··· Material supplied ···
(* Let $A,B\in\mathcal M_n$ be accretive with $W(A),W(B)\subset S_\alpha$ for some $0\le\alpha<\pi/2$. Let $f\in\mathfrak m$ with $f'(1)=t\in(0,1)$. Then $$\cos^2(\alpha)\,\Re(A!_tB)\le\Re(A\sigma_fB)\le\sec^2(\alpha)\,\Re(A\nabla_tB).$$
   Context: A matrix $A$ is accretive if $\Re A=\frac{A+A^*}{2}$ is positive definite. $W(A)$ is the numerical range, $S_\alpha=\{z:\Re z>0,\ |\Im z|\le\tan(\alpha)\Re z\}$. $\le$ is the Löwner order. $\mathfrak m$ is the set of matrix monotone $f:(0,\infty)\to(0,\infty)$ with $f(1)=1$; each has a unique probability measure $\nu_f$ on $[0,1]$ with $f(x)=\int_0^1((1-t)+tx^{-1})^{-1}d\nu_f(t)$, $x>0$. For accretive $A,B$: $A\nabla_tB=(1-t)A+tB$, $A!_tB=((1-t)A^{-1}+tB^{-1})^{-1}$, and $A\sigma_fB:=\int_0^1A!_sB\,d\nu_f(s)$. *)

theory Defs
  imports "HOL-Probability.Probability" "Jordan_Normal_Form.Schur_Decomposition"
begin

text \<open>Complex n x n matrices are Jordan_Normal_Form matrices in carrier_mat n n.
  The quadratic form x^* M x is written (mult_mat_vec M x) \<bullet>c x.\<close>

definition hermitian_mat :: "complex mat \<Rightarrow> bool" where
  "hermitian_mat M \<longleftrightarrow> square_mat M \<and> mat_adjoint M = M"

definition pos_def_mat :: "complex mat \<Rightarrow> bool" where
  "pos_def_mat M \<longleftrightarrow> hermitian_mat M \<and>
     (\<forall>x \<in> carrier_vec (dim_row M). x \<noteq> 0\<^sub>v (dim_row M) \<longrightarrow>
        Im ((mult_mat_vec M x) \<bullet>c x) = 0 \<and> Re ((mult_mat_vec M x) \<bullet>c x) > 0)"

definition pos_semidef_mat :: "complex mat \<Rightarrow> bool" where
  "pos_semidef_mat M \<longleftrightarrow> hermitian_mat M \<and>
     (\<forall>x \<in> carrier_vec (dim_row M).
        Im ((mult_mat_vec M x) \<bullet>c x) = 0 \<and> Re ((mult_mat_vec M x) \<bullet>c x) \<ge> 0)"

definition loewner_le :: "complex mat \<Rightarrow> complex mat \<Rightarrow> bool" where
  "loewner_le A B \<longleftrightarrow> dim_row A = dim_row B \<and> dim_col A = dim_col B \<and>
     pos_semidef_mat (B - A)"

definition re_mat :: "complex mat \<Rightarrow> complex mat" where
  "re_mat A = (1/2 :: complex) \<cdot>\<^sub>m (A + mat_adjoint A)"

definition accretive :: "complex mat \<Rightarrow> bool" where
  "accretive A \<longleftrightarrow> square_mat A \<and> pos_def_mat (re_mat A)"

definition num_range :: "complex mat \<Rightarrow> complex set" where
  "num_range A = {(mult_mat_vec A x) \<bullet>c x | x. x \<in> carrier_vec (dim_col A) \<and> x \<bullet>c x = 1}"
···
- [Task details] Extract each line from the listing above, please, and repeat it exactly.

- [Response to this exercise]
(* Let $A,B\in\mathcal M_n$ be accretive with $W(A),W(B)\subset S_\alpha$ for some $0\le\alpha<\pi/2$. Let $f\in\mathfrak m$ with $f'(1)=t\in(0,1)$. Then $$\cos^2(\alpha)\,\Re(A!_tB)\le\Re(A\sigma_fB)\le\sec^2(\alpha)\,\Re(A\nabla_tB).$$
   Context: A matrix $A$ is accretive if $\Re A=\frac{A+A^*}{2}$ is positive definite. $W(A)$ is the numerical range, $S_\alpha=\{z:\Re z>0,\ |\Im z|\le\tan(\alpha)\Re z\}$. $\le$ is the Löwner order. $\mathfrak m$ is the set of matrix monotone $f:(0,\infty)\to(0,\infty)$ with $f(1)=1$; each has a unique probability measure $\nu_f$ on $[0,1]$ with $f(x)=\int_0^1((1-t)+tx^{-1})^{-1}d\nu_f(t)$, $x>0$. For accretive $A,B$: $A\nabla_tB=(1-t)A+tB$, $A!_tB=((1-t)A^{-1}+tB^{-1})^{-1}$, and $A\sigma_fB:=\int_0^1A!_sB\,d\nu_f(s)$. *)

theory Defs
  imports "HOL-Probability.Probability" "Jordan_Normal_Form.Schur_Decomposition"
begin

text \<open>Complex n x n matrices are Jordan_Normal_Form matrices in carrier_mat n n.
  The quadratic form x^* M x is written (mult_mat_vec M x) \<bullet>c x.\<close>

definition hermitian_mat :: "complex mat \<Rightarrow> bool" where
  "hermitian_mat M \<longleftrightarrow> square_mat M \<and> mat_adjoint M = M"

definition pos_def_mat :: "complex mat \<Rightarrow> bool" where
  "pos_def_mat M \<longleftrightarrow> hermitian_mat M \<and>
     (\<forall>x \<in> carrier_vec (dim_row M). x \<noteq> 0\<^sub>v (dim_row M) \<longrightarrow>
        Im ((mult_mat_vec M x) \<bullet>c x) = 0 \<and> Re ((mult_mat_vec M x) \<bullet>c x) > 0)"

definition pos_semidef_mat :: "complex mat \<Rightarrow> bool" where
  "pos_semidef_mat M \<longleftrightarrow> hermitian_mat M \<and>
     (\<forall>x \<in> carrier_vec (dim_row M).
        Im ((mult_mat_vec M x) \<bullet>c x) = 0 \<and> Re ((mult_mat_vec M x) \<bullet>c x) \<ge> 0)"

definition loewner_le :: "complex mat \<Rightarrow> complex mat \<Rightarrow> bool" where
  "loewner_le A B \<longleftrightarrow> dim_row A = dim_row B \<and> dim_col A = dim_col B \<and>
     pos_semidef_mat (B - A)"

definition re_mat :: "complex mat \<Rightarrow> complex mat" where
  "re_mat A = (1/2 :: complex) \<cdot>\<^sub>m (A + mat_adjoint A)"

definition accretive :: "complex mat \<Rightarrow> bool" where
  "accretive A \<longleftrightarrow> square_mat A \<and> pos_def_mat (re_mat A)"

definition num_range :: "complex mat \<Rightarrow> complex set" where
  "num_range A = {(mult_mat_vec A x) \<bullet>c x | x. x \<in> carrier_vec (dim_col A) \<and> x \<bullet>c x = 1}"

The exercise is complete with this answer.